(Collected data)
definition Lambda_comp :: "('a::comm_ring_1 \<Rightarrow> 'm::ab_group_add \<Rightarrow> 'm) \<Rightarrow> 'm set \<Rightarrow> 'm set \<Rightarrow> 'a set \<Rightarrow> 'm set set" where
  "Lambda_comp s M N P = {Q P | S Q. prim_dec s M N S Q \<and> P \<in> S}"

definition indep_over :: "('a::comm_ring_1 \<Rightarrow> 'm::ab_group_add \<Rightarrow> 'm) \<Rightarrow> 'm set \<Rightarrow> 'm set \<Rightarrow> 'a set set \<Rightarrow> bool" where
  "indep_over s M N X \<longleftrightarrow> (\<forall>S Q S' Q'. prim_dec s M N S Q \<and> prim_dec s M N S' Q' \<longrightarrow>
       M \<inter> \<Inter>(Q ` X) = M \<inter> \<Inter>(Q' ` X))"

end

theory Submission
  imports Defs
begin

text \<open>Over a Noetherian ring every \<open>y \<in> M - N\<close> has a multiple \<open>z \<notin> N\<close> whose colon
  ideal \<open>(N : z)\<close> is prime (a maximal colon ideal among the multiples of \<open>y\<close>), and a prime
  ideal that is a finite intersection of ideals equals one of them. Hence the index set of every
  primary decomposition of \<open>N\<close> in \<open>M\<close> is \<open>Ass(M/N)\<close>, and choosing for each \<open>P \<in> Ass(M/N)\<close>
  any \<open>P\<close>-primary component, possibly taken from different decompositions, again gives a primary
  decomposition. Two families of components over \<open>X\<close>, completed outside \<open>X\<close> by the components of
  one fixed decomposition, are therefore parts of two primary decompositions, which gives (1) \<open>\<Longrightarrow>\<close>
  (2); the converse holds because \<open>X \<subseteq> Ass(M/N)\<close> is covered by every decomposition.\<close>

lemma is_prime_ideal_Inter_subsetD:
  assumes "finite T" "is_prime_ideal P" "\<forall>i\<in>T. is_ideal (I i)" "\<Inter>(I ` T) \<subseteq> P"
  shows "\<exists>i\<in>T. I i \<subseteq> P"
  using assms(1,3,4)
proof (induction T rule: finite_induct)
  case empty
  then show ?case using assms(2) by (auto simp: is_prime_ideal_def)
next
  case (insert j T)
  show ?case
  proof (rule ccontr)
    assume none: "\<not> (\<exists>i\<in>insert j T. I i \<subseteq> P)"
    then obtain a where a: "a \<in> I j" "a \<notin> P" by auto
    have "\<not> \<Inter>(I ` T) \<subseteq> P" using none insert.IH insert.prems(1) by auto
    then obtain b where b: "b \<in> \<Inter>(I ` T)" "b \<notin> P" by blast
    have "b * a \<in> I j" using a(1) insert.prems(1) by (simp add: is_ideal_def)
    moreover have "a * b \<in> I i" if "i \<in> T" for i
      using b(1) that insert.prems(1) by (simp add: is_ideal_def)
    ultimately have "a * b \<in> P" using insert.prems(2) by (auto simp: mult.commute)
    then show False using a b assms(2) by (auto simp: is_prime_ideal_def)
  qed
qed

lemma is_prime_ideal_eq_InterD:
  assumes "finite T" "is_prime_ideal P" "\<forall>i\<in>T. is_ideal (I i)" "P = \<Inter>(I ` T)"
  shows "\<exists>i\<in>T. P = I i"
  using is_prime_ideal_Inter_subsetD[OF assms(1-3)] assms(4) by blast

lemma ideal_gen_least: "is_ideal J \<Longrightarrow> F \<subseteq> J \<Longrightarrow> ideal_gen F \<subseteq> J"
  unfolding ideal_gen_def by auto

lemma is_ideal_Union_chain:
  assumes "C \<noteq> {}" "\<forall>I\<in>C. is_ideal I" "\<forall>I\<in>C. \<forall>J\<in>C. I \<subseteq> J \<or> J \<subseteq> I"
  shows "is_ideal (\<Union>C)"
  unfolding is_ideal_def
proof (intro conjI ballI allI)
  show "0 \<in> \<Union>C" using assms(1,2) by (auto simp: is_ideal_def)
next
  fix a b assume "a \<in> \<Union>C" "b \<in> \<Union>C"
  then obtain I J where "I \<in> C" "J \<in> C" "a \<in> I" "b \<in> J" by blast
  with assms(3) obtain K where "K \<in> C" "a \<in> K" "b \<in> K" by blast
  with assms(2) show "a + b \<in> \<Union>C" by (auto simp: is_ideal_def)
next
  fix r a assume "a \<in> \<Union>C"
  then obtain I where "I \<in> C" "a \<in> I" by blast
  with assms(2) show "r * a \<in> \<Union>C" unfolding is_ideal_def by blast
qed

• YOUR INSTRUCTIONS:
The output should consist only of the lines from the one with "fix r a assume" through the final line of the records above, exactly.

• REPLY TO THE TASK:
  fix r a assume "a \<in> \<Union>C"
  then obtain I where "I \<in> C" "a \<in> I" by blast
  with assms(2) show "r * a \<in> \<Union>C" unfolding is_ideal_def by blast
qed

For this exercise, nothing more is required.